Congrats builders of the future, you've turned software development into automated voice systems.
> The economy doesn't work like how you think it does. Its not central planning.
I'm aware. That is in fact my central critique. The way it works is incredibly wasteful of our limited resources, as illustrated by this guy burning through fuel during a time of crisis for no perceptible gain.
> It shows lack of intellectual curiosity to not engage deeply with obviously profound technology and what the implications are.
The "obviously profound" is an assertion without proof.
The rest I agree with, we should engage with the implications of burning through energy to build features that bots think humans want, but nobody actually asked for, all while climate scientists are telling us we're heading for the apocalypse. It is intellectually incurious to just ignore the questions of why and at what cost, maybe even dangerously so.
> The way it works is incredibly wasteful of our limited resources
You should try playing the game “workers and resources”; it’s a simcity like game, but based in the Soviet system of central planning, not capitalism. It will make you loathe the inefficiencies in central planning.
The appropriate comparison is command vs market. Capitalism is efficient in utilising the characteristics of humans to bring about expansion of markets.
Mario Zechner wrote the main part of this IP laundering application.
I didn't know that studying photocopiers is suddenly linked to "intellectual curiosity". Being a photocopier maintenance guy was always considered boring.
What you put on top of the machine was intellectually interesting.
I don't understand how he is a scam artist. Lots of people are using the things he built. TBH this kind of rhetoric is a bit degrading experience on this website
“He has /people/ write shitty code for features other /people/ think other people want, then has it reviewed by other /people/ in hopes of catching bugs that the first /people/ put there, then has some more /people/ try to find security bugs in the now /double-peopled/ code to make it /triple-peopled/ and at the end of the day, he spent a shitton of /money, the people/ probably emitted enough carbon to heat our planet by another degree, and has a feature nobody really asked for that might or might not work.”
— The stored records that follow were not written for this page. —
lemma region_R_eq_cos_bounds:
  assumes "N > 0"
  shows "region_R \<alpha> N = {(a2, a1). \<forall>k<N.
    1 - 2 powr \<alpha> < a1 + 2 * a2 * cos (2 * pi * real k / real N) \<and>
    a1 + 2 * a2 * cos (2 * pi * real k / real N) < 1}"
  unfolding region_R_def eigenvalue_symmetric_cml_matrix_iff[OF assms] by auto

lemma region_R_eq_interior_quadrilateral:
  assumes "N > 0" "m > -1"
    and lower: "\<And>k. k < N \<Longrightarrow> - m \<le> cos (2 * pi * real k / real N)"
    and attained: "\<exists>k<N. cos (2 * pi * real k / real N) = - m"
  shows "region_R \<alpha> N = interior (convex hull {(0, 1),
      (- (2 powr \<alpha> / (2 * (1 + m))), 2 powr \<alpha> / (1 + m) + 1 - 2 powr \<alpha>), (0, 1 - 2 powr \<alpha>),
      (2 powr \<alpha> / (2 * (1 + m)), 1 - 2 powr \<alpha> / (1 + m))})"
proof -
  define C where "C = (\<lambda>k. cos (2 * pi * real k / real N)) ` {..<N}"
  obtain k where k: "k < N" "cos (2 * pi * real k / real N) = - m"
    using attained by blast
  have C: "C \<subseteq> {- m..1}" "- m \<in> C" "1 \<in> C"
  proof -
    show "C \<subseteq> {- m..1}" using lower by (auto simp: C_def)
    show "- m \<in> C" unfolding C_def using k by (intro image_eqI[of _ _ k]) simp_all
    show "1 \<in> C" unfolding C_def using assms(1) by (intro image_eqI[of _ _ 0]) simp_all
  qed
  have "region_R \<alpha> N = {(a2, a1). \<forall>c\<in>C. 1 - 2 powr \<alpha> < a1 + 2 * a2 * c \<and> a1 + 2 * a2 * c < 1}"
    unfolding region_R_eq_cos_bounds[OF assms(1)] C_def by auto
  also have "\<dots> = {(a2, a1). 1 - 2 powr \<alpha> < a1 + 2 * a2 \<and> a1 + 2 * a2 < 1 \<and>
      1 - 2 powr \<alpha> < a1 - 2 * m * a2 \<and> a1 - 2 * m * a2 < 1}"
    unfolding affine_in_interval_iff_endpoints[OF C] by (simp add: algebra_simps conj_ac)
  also have "\<dots> = interior (convex hull {(0, 1),
      (- (2 powr \<alpha> / (2 * (1 + m))), 2 powr \<alpha> / (1 + m) + 1 - 2 powr \<alpha>), (0, 1 - 2 powr \<alpha>),
      (2 powr \<alpha> / (2 * (1 + m)), 1 - 2 powr \<alpha> / (1 + m))})"
    using assms(2) by (intro interior_quadrilateral_eq[symmetric]) auto
  finally show ?thesis .
qed

theorem theorem3:
  fixes \<alpha> :: real and N :: nat
  assumes "0 < \<alpha>" and "\<alpha> < 1"
  shows "(even N \<and> N \<ge> 2 \<longrightarrow>
            region_R \<alpha> N = interior (convex hull
              {(0, 1), (- (2 powr (\<alpha> - 2)), 2 powr (\<alpha> - 1) + 1 - 2 powr \<alpha>),
               (0, 1 - 2 powr \<alpha>), (2 powr (\<alpha> - 2), 1 - 2 powr (\<alpha> - 1))}))
       \<and> (odd N \<and> N \<ge> 3 \<longrightarrow>
            region_R \<alpha> N = interior (convex hull
              {(0, 1),
               (- (2 powr (\<alpha> - 1) / (1 + cos (pi / real N))),
                  2 powr \<alpha> / (1 + cos (pi / real N)) + 1 - 2 powr \<alpha>),
               (0, 1 - 2 powr \<alpha>),
               (2 powr (\<alpha> - 1) / (1 + cos (pi / real N)),
                  1 - 2 powr \<alpha> / (1 + cos (pi / real N)))}))"
proof (intro conjI impI)
  assume N: "even N \<and> N \<ge> 2"
  have "\<exists>k<N. cos (2 * pi * real k / real N) = - 1"
    using N by (intro exI[of _ "N div 2"]) (simp add: cos_two_pi_div_half_even)
  with N have region: "region_R \<alpha> N = interior (convex hull {(0, 1),
      (- (2 powr \<alpha> / (2 * (1 + 1))), 2 powr \<alpha> / (1 + 1) + 1 - 2 powr \<alpha>), (0, 1 - 2 powr \<alpha>),
      (2 powr \<alpha> / (2 * (1 + 1)), 1 - 2 powr \<alpha> / (1 + 1))})"
    by (intro region_R_eq_interior_quadrilateral) auto
  have "2 powr \<alpha> / (2 * (1 + 1)) = 2 powr (\<alpha> - 2)" "2 powr \<alpha> / (1 + 1) = 2 powr (\<alpha> - 1)"
    by (simp_all add: powr_diff)
  with region show "region_R \<alpha> N = interior (convex hull
      {(0, 1), (- (2 powr (\<alpha> - 2)), 2 powr (\<alpha> - 1) + 1 - 2 powr \<alpha>),
       (0, 1 - 2 powr \<alpha>), (2 powr (\<alpha> - 2), 1 - 2 powr (\<alpha> - 1))})"
    by (simp only:)
next
  assume N: "odd N \<and> N \<ge> 3"
  then have "pi / real N < pi / 2"
    by (intro divide_strict_left_mono) auto
  then have "cos (pi / real N) > 0"
    using N by (intro cos_gt_zero_pi) (auto intro: less_trans[of _ 0])
  moreover have "\<exists>k<N. cos (2 * pi * real k / real N) = - cos (pi / real N)"
    using N by (intro exI[of _ "N div 2"]) (simp add: cos_two_pi_div_half_odd)
  ultimately have "region_R \<alpha> N = interior (convex hull {(0, 1),
      (- (2 powr \<alpha> / (2 * (1 + cos (pi / real N)))),
        2 powr \<alpha> / (1 + cos (pi / real N)) + 1 - 2 powr \<alpha>), (0, 1 - 2 powr \<alpha>),
      (2 powr \<alpha> / (2 * (1 + cos (pi / real N))), 1 - 2 powr \<alpha> / (1 + cos (pi / real N)))})"
    using N by (intro region_R_eq_interior_quadrilateral) (auto simp: cos_two_pi_div_ge_neg_cos_pi_div)
  then show "region_R \<alpha> N = interior (convex hull
      {(0, 1),
       (- (2 powr (\<alpha> - 1) / (1 + cos (pi / real N))),
          2 powr \<alpha> / (1 + cos (pi / real N)) + 1 - 2 powr \<alpha>),
       (0, 1 - 2 powr \<alpha>),
       (2 powr (\<alpha> - 1) / (1 + cos (pi / real N)),
          1 - 2 powr \<alpha> / (1 + cos (pi / real N)))})"
    by (simp add: powr_diff)
qed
Honestly sounds like a normal tech company to me. Just with much dumber “people” who are getting exponentially smarter, eventually never die, eventually never forget.
You have to skate to where the puck is going, not where it is.
Even at unlimited budget, there is a crossover where outsourcing thinking to the machine costs more than the machine.
What I mean by this:
1. Intern, analyst, junior, or offshore level coding is cheaper when done by the machine.
// Side note: There is good reason the industry invests in suboptimal output from this set which moves to the "cost" column when using an LLM, but nobody's accounting for that.
2. For the interns, analysts, junior, or offshoring to do the right thing costs a multiple of the coding effort: the PdM/PjM stuff of course, but also the Stakeholder, Product Owner, Architect, Principal Engineer, QA, and SRE stuff.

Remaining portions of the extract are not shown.